The open-source agentic memory engine behind ThreatRecall.

A typed memory model with blended retrieval, LangChain and CrewAI adapters, LanceDB + SQLite storage, and a FastAPI interface. Self-host it. Audit it. Fork it.

What it is

A typed memory model built for operators.

Not a generic vector store with a chat wrapper. A purpose-built memory engine for threat intelligence — typed, retrievable, and agent-native.

Typed memory model

Every memory record is typed — actor, CVE, IOC, TTP, OSINT, tool, vulnerability. Structured recall, not free-text similarity guessing.

Blended retrieval

Keyword + vector + structured CTI routing in one query. Passes natural language, routes to the right retrieval path automatically.

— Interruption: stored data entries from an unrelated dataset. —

lemma cycle_len_bounds:
  assumes "finite A" "g ` A \<subseteq> A" "x \<in> A"
  shows "1 \<le> cycle_len g x" "cycle_len g x \<le> card A"
proof -
  obtain k l where "l \<ge> 1" "k + l \<le> card A" "(g ^^ k) x = (g ^^ (k + l)) x"
    using funpow_collision[OF assms] .
  then show "1 \<le> cycle_len g x" "cycle_len g x \<le> card A"
    using cycle_len_LeastI(1) cycle_len_le by fastforce+
qed

lemma cycle_len_repeats:
  assumes "finite A" "g ` A \<subseteq> A" "x \<in> A"
  shows "\<exists>k. (g ^^ k) x = (g ^^ (k + cycle_len g x)) x"
  using funpow_collision[OF assms] cycle_len_LeastI(2) by metis

lemma inj_on_funpow_below_cycle_len:
  "inj_on (\<lambda>n. (g ^^ n) x) {..<cycle_len g x}"
proof (rule linorder_inj_onI')
  fix i j
  assume j: "j \<in> {..<cycle_len g x}" and "i < j"
  show "(g ^^ i) x \<noteq> (g ^^ j) x"
  proof
    assume "(g ^^ i) x = (g ^^ j) x"
    then have "cycle_len g x \<le> j - i"
      using \<open>i < j\<close> by (intro cycle_len_le[where k = i]) simp_all
    with j show False
      by simp
  qed
qed

context
  fixes g :: "nat \<Rightarrow> nat" and A :: "nat set" and x :: nat
  assumes finite: "finite A" and maps: "g ` A \<subseteq> A" and x: "x \<in> A"
    and full: "cycle_len g x = card A"
begin

lemma orbit_eq_if_cycle_len_eq_card:
  "(\<lambda>n. (g ^^ n) x) ` {..<card A} = A"
proof (rule card_subset_eq[OF finite])
  show "(\<lambda>n. (g ^^ n) x) ` {..<card A} \<subseteq> A"
    using funpow_in_set[OF maps x] by auto
  show "card ((\<lambda>n. (g ^^ n) x) ` {..<card A}) = card A"
    using inj_on_funpow_below_cycle_len[of g x] full by (simp add: card_image)
qed

lemma funpow_card_eq_if_cycle_len_eq_card:
  "(g ^^ card A) x = x"
proof -
  obtain j where j: "j < card A" "(g ^^ card A) x = (g ^^ j) x"
    using funpow_in_set[OF maps x, of "card A"] orbit_eq_if_cycle_len_eq_card by force
  have "j = 0"
  proof (rule ccontr)
    assume "j \<noteq> 0"
    then have "cycle_len g x \<le> card A - j"
      using j by (intro cycle_len_le[where k = j]) simp_all
    with \<open>j \<noteq> 0\<close> j(1) full show False
      by linarith
  qed
  with j show ?thesis
    by simp
qed

end

lemma cyclic_perm_if_cycle_len_eq:
  assumes maps: "g ` {0..<p} \<subseteq> {0..<p}" and x: "x < p" and full: "cycle_len g x = p"
  shows "cyclic_perm g p"
proof -
  let ?A = "{0..<p}"
  have card: "cycle_len g x = card ?A"
    using full by simp
  have orbit: "(\<lambda>n. (g ^^ n) x) ` {..<p} = ?A"
    using orbit_eq_if_cycle_len_eq_card[OF _ maps _ card] x by simp
  have periodic: "(g ^^ (i + p)) x = (g ^^ i) x" if "i < p" for i
  proof -
    have "(g ^^ p) x = x"
      using funpow_card_eq_if_cycle_len_eq_card[OF _ maps _ card] x by simp
    then have "(g ^^ ((i + p) mod p)) x = (g ^^ (i + p)) x"
      by (rule funpow_mod_eq)
    with that show ?thesis
      by simp
  qed
  have "?A \<subseteq> g ` ?A"
  proof
    fix y assume "y \<in> ?A"
    then obtain i where i: "i < p" "y = (g ^^ i) x"
      unfolding orbit[symmetric] by blast
    then have "y = (g ^^ Suc (i + p - 1)) x"
      using periodic[of i] by simp
    then have "y = g ((g ^^ (i + p - 1)) x)"
      by simp
    then show "y \<in> g ` ?A"
      using funpow_in_set[OF maps, of x] x by auto
  qed
  then have bij: "bij_betw g ?A ?A"
    using maps finite_surj_inj[of ?A g] by (simp add: bij_betw_def subset_antisym)
  have "\<exists>k. (g ^^ k) y = z" if yz: "y \<in> ?A" "z \<in> ?A" for y z
  proof -
    obtain i j where ij: "i < p" "y = (g ^^ i) x" "j < p" "z = (g ^^ j) x"
      using yz unfolding orbit[symmetric] by blast
    have "(g ^^ (j + p - i)) y = (g ^^ (j + p - i + i)) x"
      using ij(2) by (simp add: funpow_add)
    also have "\<dots> = z"
      using ij periodic[of j] by simp
    finally show ?thesis ..
  qed
  with bij show ?thesis
    unfolding cyclic_perm_def by blast
qed
lemma vp_g_O_series:
  assumes "prime p" "odd p" "k > 0"
  shows "\<exists>q::rat. q \<noteq> 0 \<and> real_of_rat q = g_O (real k) \<and>
    (\<lambda>l. orthogonal_summand k (real p ^ Suc l)) sums real_of_int (vp p q)"
proof (intro exI conjI)
  define T where "T = k * (k - 1) div 2"
  define q :: rat where "q = fact T * (\<Prod>i<k. 2 ^ Suc i * fact i / fact (2 * i)) / 2"
  show "q \<noteq> 0" by (simp add: q_def)
  show "real_of_rat q = g_O (real k)"
    by (simp add: q_def T_def g_O_of_nat of_rat_mult of_rat_prod of_rat_divide of_rat_fact of_rat_power)
  have "vp p q = vp p (fact T) - (\<Sum>i<k. vp p (fact (2 * i)) - vp p (fact i))"
    using assms(1) vp_power_two[OF assms(1,2)] vp_power_two[OF assms(1,2), of 1]
    by (simp add: q_def vp_mult vp_prod vp_divide sum_subtractf)
  moreover have "(\<lambda>l. real (T div p ^ Suc l) - (\<Sum>i<k. real (2 * i div p ^ Suc l) - real (i div p ^ Suc l)))
      sums real_of_int (vp p (fact T) - (\<Sum>i<k. vp p (fact (2 * i)) - vp p (fact i)))"
    unfolding of_int_sum of_int_diff
    by (intro sums_sum sums_diff vp_fact_sums assms(1))
  moreover have "orthogonal_summand k (real p ^ Suc l)
      = real (T div p ^ Suc l) - (\<Sum>i<k. real (2 * i div p ^ Suc l) - real (i div p ^ Suc l))" for l
    using orthogonal_summand_eq[of "p ^ Suc l" k] assms(2,3) unfolding T_def
    by (simp add: even_power)
  ultimately show "(\<lambda>l. orthogonal_summand k (real p ^ Suc l)) sums real_of_int (vp p q)"
    by simp
qed

theorem proposition5p4:
  fixes p k :: nat
  assumes "prime p" and "odd p" and "k > 0"
  shows "(\<exists>q::rat. q \<noteq> 0 \<and> real_of_rat q = g_U (real k) \<and>
           (\<lambda>l. let P = real p ^ Suc l in
              real_of_int \<lfloor>real k ^ 2 / P\<rfloor>
              + (2 * real k - P) * real_of_int \<lfloor>(real k - 1) / P\<rfloor>
              + (P / 2 - 2 * real k) * real_of_int \<lfloor>(2 * real k - 1) / P\<rfloor>
              - P * (real_of_int \<lfloor>(real k - 1) / P\<rfloor>)^2
              + P / 2 * (real_of_int \<lfloor>(2 * real k - 1) / P\<rfloor>)^2)
           sums real_of_int (vp p q))
       \<and> (\<exists>q::rat. q \<noteq> 0 \<and> real_of_rat q = g_O (real k) \<and>
           (\<lambda>l. let P = real p ^ Suc l in
              real_of_int \<lfloor>(real k * (real k - 1) / 2) / P\<rfloor>
              - (real k - 1/2) * real_of_int (floor2 ((2 * real k - 3) / P))
              + P / 2 * (real_of_int (floor2 ((2 * real k - 3) / P)))^2)
           sums real_of_int (vp p q))"
  using vp_g_U_series[OF assms(1,3)] vp_g_O_series[OF assms]
  unfolding unitary_summand_def orthogonal_summand_def Let_def by (rule conjI)
lemma adjoint_mult_self_nonneg:
  fixes L :: "complex mat"
  assumes L: "L \<in> carrier_mat m n" and u: "u \<in> carrier_vec n"
  shows "0 \<le> ((adjoint_mat L * L) *\<^sub>v u) \<bullet>c u"
proof -
  have Lc: "map_mat cnj L \<in> carrier_mat m n" using L by simp
  have "((adjoint_mat L * L) *\<^sub>v u) \<bullet>c u = (transpose_mat (map_mat cnj L) *\<^sub>v (L *\<^sub>v u)) \<bullet> conjugate u"
    using L u by (simp add: adjoint_mat_def)
  also have "\<dots> = (L *\<^sub>v u) \<bullet> (map_mat cnj L *\<^sub>v conjugate u)"
    using transpose_vec_mult_scalar[OF Lc, of "conjugate u" "L *\<^sub>v u"] L u by simp
  also have "\<dots> = (L *\<^sub>v u) \<bullet>c (L *\<^sub>v u)"
    by (simp add: conjugate_mult_mat_vec[OF L u])
  finally show ?thesis by (simp add: conjugate_square_ge_0_vec)
qed

lemma hermitian_eigenvalue_real:
  fixes A :: "complex mat"
  assumes A: "A \<in> carrier_mat n n" and herm: "map_mat cnj A = transpose_mat A"
    and "eigenvalue A z"
  shows "z \<in> \<real>"
proof -
  obtain w where w: "w \<in> carrier_vec n" "w \<noteq> 0\<^sub>v n" and Aw: "A *\<^sub>v w = z \<cdot>\<^sub>v w"
    using assms unfolding eigenvalue_def eigenvector_def by auto
  have Aw_carrier: "A *\<^sub>v w \<in> carrier_vec n" using A w by simp
  have "cnj ((A *\<^sub>v w) \<bullet>c w) = conjugate (A *\<^sub>v w) \<bullet> w"
    using conjugate_sprod_vec[OF Aw_carrier, of "conjugate w"] w by simp
  also have "\<dots> = (transpose_mat A *\<^sub>v conjugate w) \<bullet> w"
    by (simp add: conjugate_mult_mat_vec[OF A w(1)] herm)
  also have "\<dots> = (A *\<^sub>v w) \<bullet>c w"
    using transpose_vec_mult_scalar[OF A w(1), of "conjugate w"] conjugate_vec_sprod_comm[OF Aw_carrier w(1)]
    by (simp add: w(1))
  finally have form_real: "cnj ((A *\<^sub>v w) \<bullet>c w) = (A *\<^sub>v w) \<bullet>c w" .
  have "(A *\<^sub>v w) \<bullet>c w = z * (w \<bullet>c w)" using Aw w by simp
  moreover have "0 < w \<bullet>c w" using w by simp
  then have "cnj (w \<bullet>c w) = w \<bullet>c w" "w \<bullet>c w \<noteq> 0"
    by (auto simp: less_complex_def complex_eq_iff)
  ultimately have "cnj z = z" using form_real by simp
  then show ?thesis using Reals_cnj_iff by blast
qed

LangChain + CrewAI adapters

Drop-in adapters for the two dominant agent frameworks. Your agents get structured CTI memory in under 20 lines of code.

LanceDB + SQLite storage

Vectors in LanceDB, structured data in SQLite. No cloud database dependency. Runs on a laptop, a Raspberry Pi, or an air-gapped server.

FastAPI interface

REST + async. Auto-generated OpenAPI docs. Talks to any agent framework, any language. Ollama-compatible for fully local inference.

MIT licensed

Use it in commercial products. Embed it in your platform. No CLA, no AGPL restrictions. Authored by Patrick George Roland II.

Why open-source

SOC teams don't trust black boxes.

We open-sourced ZettelForge because operators need to see what's running in their environment. Vendor lock-in on memory infrastructure isn't something we'd accept either.

01

Operator-built

ZettelForge was designed by someone who ran security operations — not a product manager who read a few MITRE ATT&CK articles. The constraints are real. The design reflects that.

02

Community trust

You can read every line of the memory engine. You can audit the retrieval logic. You can verify that TLP handling works the way we say it does. That's the point.

03

No vendor lock-in

If you self-host ZettelForge, you own your memory indexes. If you migrate to ThreatRecall Cloud or away from it, your data stays yours. We designed the exit ramp on purpose.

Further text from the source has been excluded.